_Work instructions_. Wherever the string "False" appears in the records, return the line that holds it.

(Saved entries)
lemma cond_exp_version_integral_mult:
  assumes h[measurable]: "h \<in> borel_measurable borel" and h_bound: "\<And>x. \<bar>h x\<bar> \<le> c"
  shows "(\<integral>\<omega>. h (X \<omega>) * g (X \<omega>) \<partial>M) = (\<integral>\<omega>. h (X \<omega>) * Z \<omega> \<partial>M)"
proof -
  let ?F = "vimage_algebra (space M) X borel"
  have hF: "(\<lambda>\<omega>. h (X \<omega>)) \<in> borel_measurable ?F"
    using measurable_comp[OF measurable_vimage_algebra_borel[OF X] h] by (simp add: o_def)
  have "integrable M (\<lambda>\<omega>. h (X \<omega>) * Z \<omega>)"
    by (rule Bochner_Integration.integrable_bound[where f="\<lambda>\<omega>. c * Z \<omega>"]) 
       (use Z in \<open>auto simp: abs_mult intro!: mult_right_mono order_trans[OF h_bound abs_ge_self]\<close>)
  then have "(\<integral>\<omega>. h (X \<omega>) * real_cond_exp M ?F Z \<omega> \<partial>M) = (\<integral>\<omega>. h (X \<omega>) * Z \<omega> \<partial>M)"
    using Z by (intro real_cond_exp_intg(2) hF) auto
  moreover have "(\<integral>\<omega>. h (X \<omega>) * real_cond_exp M ?F Z \<omega> \<partial>M) = (\<integral>\<omega>. h (X \<omega>) * g (X \<omega>) \<partial>M)"
    using cond_exp_version_AE_eq by (intro integral_cong_AE) auto
  ultimately show ?thesis by simp
qed

end

lemma cond_exp_version_indicator:
  assumes E: "{\<omega>\<in>space M. P \<omega>} \<in> sets M" and X: "X \<in> borel_measurable M"
    and prob: "\<forall>A\<in>sets borel. measure M {\<omega>\<in>space M. P \<omega> \<and> X \<omega> \<in> A}
                 = (\<integral>\<omega>. g (X \<omega>) * indicator (X -` A \<inter> space M) \<omega> \<partial>M)"
  shows "cond_exp_version M X (indicator {\<omega>\<in>space M. P \<omega>}) g"
  unfolding cond_exp_version_def
proof
  fix A :: "'b set" assume A: "A \<in> sets borel"
  have "{\<omega>\<in>space M. P \<omega>} \<inter> (X -` A \<inter> space M) = {\<omega>\<in>space M. P \<omega> \<and> X \<omega> \<in> A}"
    by auto
  moreover have "{\<omega>\<in>space M. P \<omega>} \<inter> (X -` A \<inter> space M) \<in> sets M"
    using E X A by (intro sets.Int measurable_sets)
  ultimately have "(\<integral>\<omega>. indicator {\<omega>\<in>space M. P \<omega>} \<omega> * indicator (X -` A \<inter> space M) \<omega> \<partial>M)
      = measure M {\<omega>\<in>space M. P \<omega> \<and> X \<omega> \<in> A}"
    by (simp add: indicator_inter_arith[symmetric])
  then show "(\<integral>\<omega>. indicator {\<omega>\<in>space M. P \<omega>} \<omega> * indicator (X -` A \<inter> space M) \<omega> \<partial>M)
      = (\<integral>\<omega>. g (X \<omega>) * indicator (X -` A \<inter> space M) \<omega> \<partial>M)"
    using prob A by simp
qed

section \<open>Log-sum-exp\<close>

lemma exp_le_quadratic:
  fixes x :: real
  assumes "x \<le> 1"
  shows "exp x \<le> 1 + x + x\<^sup>2"
proof (cases "x \<ge> 0")
  case True
  then show ?thesis using exp_bound assms by simp
next
  case False
  \<comment> \<open>with \<open>y = -x\<close> this says \<open>(1 - y + y\<^sup>2) e\<^sup>y \<ge> 1\<close>, which follows from \<open>e\<^sup>y \<ge> 1 + y + y\<^sup>2/2\<close>\<close>
  define y where "y = - x"
  have y: "y > 0" using False by (simp add: y_def)
  have "1 \<le> (1 - y + y\<^sup>2) * (1 + y + y\<^sup>2 / 2)"
    using y by (simp add: field_simps power2_eq_square power3_eq_cube power4_eq_xxxx)
  also have "\<dots> \<le> (1 - y + y\<^sup>2) * exp y"
  proof (rule mult_left_mono)
    show "1 + y + y\<^sup>2 / 2 \<le> exp y" using exp_lower_Taylor_quadratic y by simp
    have "1 - y + y\<^sup>2 = (y - 1/2)\<^sup>2 + 3/4" by (simp add: power2_eq_square algebra_simps)
    then show "0 \<le> 1 - y + y\<^sup>2" by simp
  qed
  finally show ?thesis by (simp add: y_def exp_minus field_simps)
qed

_Solved exercise_.
  case False
  have y: "y > 0" using False by (simp add: y_def)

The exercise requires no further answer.